(* Let $2\le d\leq 4$ and let $\rho$ be a diagonal symmetric (DS) state acting on $\mathbb{C}^d\otimes\mathbb{C}^d$. Then $\rho$ is separable if and only if $\rho$ is PPT (i.e. $\rho^{T_B}\succeq 0$).
   Context: Let $\{\ket{0},\dots,\ket{d-1}\}$ be the computational basis of $\mathbb{C}^d$. Define $\ket{D_{ii}}=\ket{ii}$ and, for $i<j$, $\ket{D_{ij}}=(\ket{ij}+\ket{ji})/\sqrt{2}$. A state $\rho$ on $\mathbb{C}^d\otimes\mathbb{C}^d$ is diagonal symmetric (DS) if $\rho=\sum_{0\le i\le j<d}p_{ij}\ket{D_{ij}}\bra{D_{ij}}$ with $p_{ij}\ge 0$ and $\sum_{i\le j}p_{ij}=1$. A state is separable if it is a convex combination of product states $\rho^A\otimes\rho^B$. The partial transpose $\rho^{T_B}$ is taken with respect to the computational basis of the second factor. *)

theory Defs
  imports Complex_Main
begin

text \<open>Operators on a finite-dimensional Hilbert space with orthonormal basis indexed by a
finite set S are represented as functions M :: 'i => 'i => complex (matrix entries);
only the entries with both indices in S are meaningful.
For C^d (x) C^d the basis is indexed by pairs (i,j) with i,j < d, where (i,j) stands for |i>|j>.\<close>

definition psd_on :: "'i set \<Rightarrow> ('i \<Rightarrow> 'i \<Rightarrow> complex) \<Rightarrow> bool" where
  "psd_on S M \<longleftrightarrow> (\<forall>v :: 'i \<Rightarrow> complex.
     (\<Sum>a\<in>S. \<Sum>b\<in>S. cnj (v a) * M a b * v b) \<in> \<real> \<and>
     0 \<le> Re (\<Sum>a\<in>S. \<Sum>b\<in>S. cnj (v a) * M a b * v b))"

definition trace_on :: "'i set \<Rightarrow> ('i \<Rightarrow> 'i \<Rightarrow> complex) \<Rightarrow> complex" where
  "trace_on S M = (\<Sum>a\<in>S. M a a)"

definition density_on :: "'i set \<Rightarrow> ('i \<Rightarrow> 'i \<Rightarrow> complex) \<Rightarrow> bool" where
  "density_on S M \<longleftrightarrow> psd_on S M \<and> trace_on S M = 1"

definition bidx :: "nat \<Rightarrow> (nat \<times> nat) set" where
  "bidx d = {..<d} \<times> {..<d}"

text \<open>Separable: a finite convex combination of product states rho_A (x) rho_B,
  with (rho_A (x) rho_B)((i,j),(k,l)) = rho_A(i,k) * rho_B(j,l).\<close>
definition separable :: "nat \<Rightarrow> (nat \<times> nat \<Rightarrow> nat \<times> nat \<Rightarrow> complex) \<Rightarrow> bool" where
  "separable d \<rho> \<longleftrightarrow> (\<exists>(n::nat) (p :: nat \<Rightarrow> real) A B.
      (\<forall>m<n. 0 \<le> p m) \<and> (\<Sum>m<n. p m) = 1 \<and>
      (\<forall>m<n. density_on {..<d} (A m) \<and> density_on {..<d} (B m)) \<and>
      (\<forall>i<d. \<forall>j<d. \<forall>k<d. \<forall>l<d.
          \<rho> (i, j) (k, l) = (\<Sum>m<n. complex_of_real (p m) * A m i k * B m j l)))"

definition partial_transpose_B :: "(nat \<times> nat \<Rightarrow> nat \<times> nat \<Rightarrow> complex) \<Rightarrow> (nat \<times> nat \<Rightarrow> nat \<times> nat \<Rightarrow> complex)" where
  "partial_transpose_B \<rho> = (\<lambda>(i, j) (k, l). \<rho> (i, l) (k, j))"

definition PPT :: "nat \<Rightarrow> (nat \<times> nat \<Rightarrow> nat \<times> nat \<Rightarrow> complex) \<Rightarrow> bool" where
  "PPT d \<rho> \<longleftrightarrow> psd_on (bidx d) (partial_transpose_B \<rho>)"

definition Dvec :: "nat \<Rightarrow> nat \<Rightarrow> nat \<times> nat \<Rightarrow> complex" where
  "Dvec i j = (\<lambda>a. if i = j then (if a = (i, i) then 1 else 0)
                   else ((if a = (i, j) then 1 else 0) + (if a = (j, i) then 1 else 0))
                        / complex_of_real (sqrt 2))"

definition DS_state :: "nat \<Rightarrow> (nat \<times> nat \<Rightarrow> nat \<times> nat \<Rightarrow> complex) \<Rightarrow> bool" where
  "DS_state d \<rho> \<longleftrightarrow> (\<exists>p :: nat \<Rightarrow> nat \<Rightarrow> real.
      (\<forall>i j. i \<le> j \<and> j < d \<longrightarrow> 0 \<le> p i j) \<and>
      (\<Sum>(i, j)\<in>{(i, j). i \<le> j \<and> j < d}. p i j) = 1 \<and>
      (\<forall>a\<in>bidx d. \<forall>b\<in>bidx d.
          \<rho> a b = (\<Sum>(i, j)\<in>{(i, j). i \<le> j \<and> j < d}.
                      complex_of_real (p i j) * Dvec i j a * cnj (Dvec i j b))))"

end

theory Submission
  imports Defs
begin

text \<open>
  Separable states are PPT since the partial transpose of a product state \<open>A \<otimes> B\<close> is
  \<open>A \<otimes> B\<^sup>T\<close>, whose quadratic form at v is \<open>tr (C B)\<close> for the positive matrix \<open>C = V\<^sup>* A V\<close>
  (V the \<open>d \<times> d\<close> matrix of the coordinates of v), and the trace of a product of positive matrices
  is nonnegative.

  Conversely, a DS state satisfies \<open>\<rho>\<^sub>i\<^sub>j\<^sub>,\<^sub>k\<^sub>l = M\<^sub>i\<^sub>j\<close> if \<open>{i, j} = {k, l}\<close> and 0 otherwise, for a
  symmetric nonnegative \<open>d \<times> d\<close> matrix M, which is the block of \<open>\<rho>\<^sup>T\<^sup>B\<close> on the vectors \<open>|i i\<rangle>\<close>.
  So if \<rho> is PPT then M is doubly nonnegative, and for \<open>d \<le> 4\<close> this makes M completely positive,
  \<open>M = \<Sum> u u\<^sup>T\<close> with entrywise nonnegative u: rank-one terms are peeled off at vertices of the
  support graph whose neighbourhood is a clique, and a matrix without such vertices is supported on
  a chordless 4-cycle, which is decomposed explicitly after a diagonal scaling. Finally each term
  \<open>u\<^sub>i u\<^sub>j [{i, j} = {k, l}]\<close> is a phase average of product states \<open>|\<phi>\<rangle>\<langle>\<phi>| \<otimes> |\<phi>\<rangle>\<langle>\<phi>|\<close>;
  the phases \<open>2\<^sup>i\<close> modulo 17 separate the pairs \<open>{i, j}\<close> only because \<open>d \<le> 4\<close>.
\<close>

section \<open>Positive semidefinite matrices\<close>

definition quad_form :: "'i set \<Rightarrow> ('i \<Rightarrow> 'i \<Rightarrow> complex) \<Rightarrow> ('i \<Rightarrow> complex) \<Rightarrow> complex" where
  "quad_form S M v = (\<Sum>a\<in>S. \<Sum>b\<in>S. cnj (v a) * M a b * v b)"

definition unit_vec :: "'i \<Rightarrow> 'i \<Rightarrow> complex" where
  "unit_vec k a = (if a = k then 1 else 0)"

◇ ◇ ◇ ◇

Only one span is to be repeated: the line with "the phases \<open>2\<^sup>i\<close>" through the final line of the entries above, word for word.

Written solution —
  the phases \<open>2\<^sup>i\<close> modulo 17 separate the pairs \<open>{i, j}\<close> only because \<open>d \<le> 4\<close>.
\<close>

section \<open>Positive semidefinite matrices\<close>

definition quad_form :: "'i set \<Rightarrow> ('i \<Rightarrow> 'i \<Rightarrow> complex) \<Rightarrow> ('i \<Rightarrow> complex) \<Rightarrow> complex" where
  "quad_form S M v = (\<Sum>a\<in>S. \<Sum>b\<in>S. cnj (v a) * M a b * v b)"

definition unit_vec :: "'i \<Rightarrow> 'i \<Rightarrow> complex" where
  "unit_vec k a = (if a = k then 1 else 0)"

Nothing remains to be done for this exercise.